Figure 1.

Terminal maturation of erythroblasts. (A) At the erythroblast stage, two Ulk1-mediated autophagic pathways are activated to allow organelle clearance: the Atg5/7-dependent pathway with the proteolytic Atg4-dependent activation of MAPLC3, microtubule-associated protein 1 light channel 3 (LC3) and the Atg5/7-independent pathway, which is not related to the LC3 protein. LC3 activation allows its insertion into the phagophore membrane, starting the engulfment of organelles through the recognition of an ubiquitin signal or by the direct binding of specialized receptors at the organelle membrane.
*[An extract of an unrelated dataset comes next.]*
(* Assume that $\kappa_{\mathcal H}(X_i,X_i)<\infty$ almost surely for every $i$; that for every $y\in\mathcal Y$ the map $u\mapsto\ell(y,u)$ is convex and three times differentiable, $u\mapsto\partial_2\ell(y,u)$ is $\beta_{\ell;2}$-Lipschitz continuous, and $\sup_u|\partial_2^3\ell(y,u)|\le\xi_\ell$; and that $u\mapsto s(y,u)$ is $\gamma$-Lipschitz continuous for every $y$. Then for every $y\in\mathcal Y$, $$|S_{\lambda;D^y}(X_i,Y_i)-\tilde S^{\mathrm{IF}}_{\lambda;D^y}(X_i,Y_i)|\le\tau^{(2)}_{\lambda;i}(y)\ (1\le i\le n),\qquad|S_{\lambda;D^y}(X_{n+1},y)-\tilde S^{\mathrm{IF}}_{\lambda;D^y}(X_{n+1},y)|\le\tau^{(2)}_{\lambda;n+1}(y),$$ where $\tau^{(2)}_{\lambda;i}(y)=\sqrt{K_{i,i}}\sqrt{K_{n+1,n+1}}\min\Big(\frac{\gamma\rho^{(2)}_\lambda(y)}{\lambda^3(n+1)^2},\frac{2\gamma\rho^{(1)}_\lambda(y)}{\lambda(n+1)}\Big)$.
   Context: Let $\mathcal X\subset\mathbb R^d$, $\mathcal Y\subset\mathbb R$, $D=\{(X_1,Y_1),\dots,(X_n,Y_n)\}$ i.i.d., $(X_{n+1},Y_{n+1})$ independent with the same law; $D^{y'}=D\cup\{(X_{n+1},y')\}$. $\mathcal H$ is an RKHS with kernel $\kappa_{\mathcal H}$, $K_x=\kappa_{\mathcal H}(x,\cdot)$, $K=(\kappa_{\mathcal H}(X_i,X_j))_{1\le i,j\le n+1}$, $\mathcal A=\mathrm{span}\{K_{X_1},\dots,K_{X_{n+1}}\}$. For a loss $\ell$ and $\lambda>0$, $\hat f_{\lambda;D^{y'}}$ minimizes $\frac1{n+1}\sum_{(x,y'')\in D^{y'}}\ell(y'',f(x))+\lambda\|f\|_{\mathcal H}^2$. Fix $z\in\mathcal Y$. Let $H(f)=\frac1{n+1}\sum_{i=1}^n\partial_2^2\ell(Y_i,f(X_i))K_{X_i}\otimes K_{X_i}+\frac1{n+1}\partial_2^2\ell(z,f(X_{n+1}))K_{X_{n+1}}\otimes K_{X_{n+1}}+2\lambda\mathrm{Id}$ with $(g\otimes g)h=\langle g,h\rangle_{\mathcal H}g$ and $H(f)^+$ the inverse of its restriction to $\mathcal A$; $\mathbf I_{\hat f}(X_{n+1},z')=-\frac1{n+1}\partial_2\ell(z',\hat f_{\lambda;D^z}(X_{n+1}))H(\hat f_{\lambda;D^z})^+K_{X_{n+1}}$ and $\tilde f^{\mathrm{IF}}_{\lambda;D^y}=\hat f_{\lambda;D^z}-\mathbf I_{\hat f}(X_{n+1},z)+\mathbf I_{\hat f}(X_{n+1},y)$. For $s:\mathcal Y\times\mathcal Y\to\mathbb R_+$: $S_{\lambda;D^y}(X_i,Y_i)=s(Y_i,\hat f_{\lambda;D^y}(X_i))$, $S_{\lambda;D^y}(X_{n+1},y)=s(y,\hat f_{\lambda;D^y}(X_{n+1}))$, $\tilde S^{\mathrm{IF}}_{\lambda;D^y}(X_i,Y_i)=s(Y_i,\tilde f^{\mathrm{IF}}_{\lambda;D^y}(X_i))$ ($i\le n$), $\tilde S^{\mathrm{IF}}_{\lambda;D^y}(X_{n+1},y)=s(y,\tilde f^{\mathrm{IF}}_{\lambda;D^y}(X_{n+1}))$. Further $\rho^{(1)}_\lambda(y)=\frac12|\partial_2\ell(y,\hat f_{\lambda;D^z}(X_{n+1}))-\partial_2\ell(z,\hat f_{\lambda;D^z}(X_{n+1}))|$, $\tilde\rho^{(1)}_\lambda(y)=(1+K_{n+1,n+1}\frac{\beta_{\ell;2}}{\lambda(n+1)})\rho^{(1)}_\lambda(y)$ and $\rho^{(2)}_\lambda(y)=\frac{\xi_\ell}2\sqrt{K_{n+1,n+1}}(\frac1{n+1}\sum_{i=1}^{n+1}K_{i,i}^{3/2})(\tilde\rho^{(1)}_\lambda(y))^2+2\lambda K_{n+1,n+1}\beta_{\ell;2}\tilde\rho^{(1)}_\lambda(y)$. *)

theory Defs
  imports "HOL-Analysis.Analysis"
begin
In non-erythroid cells, Rab9a is important for the formation of the phagophore during the Atg5/7-independent autophagic pathway. After the formation of the autophagosome, its fusion with the lysosome permits the degradation of organelles by hydrolytic enzymes. The enucleation process gives rise to the pyrenocyte and the reticulocyte, which still contains some organelles that must be eliminated for the final maturation into erythrocyte. (B) During this stage, unwanted membrane proteins, such as transferrin receptor (TfR), are internalized by endocytosis and expelled by exocytosis from multi-vesicular body structures. Glycophorin A (GPA)/LC3 double-positive vesicles containing organelle remnants are also found in reticulocytes, suggesting cooperation between the endocytosis (GPA⁺) and autophagy (LC3⁺) pathways to eliminate organelles. How autophagosomes interact with multivesicular bodies (MVBs) following the same pathway of membrane protein recycling or budding directly from the plasma membrane after fusion with endocytic vesicles, however, remains unknown.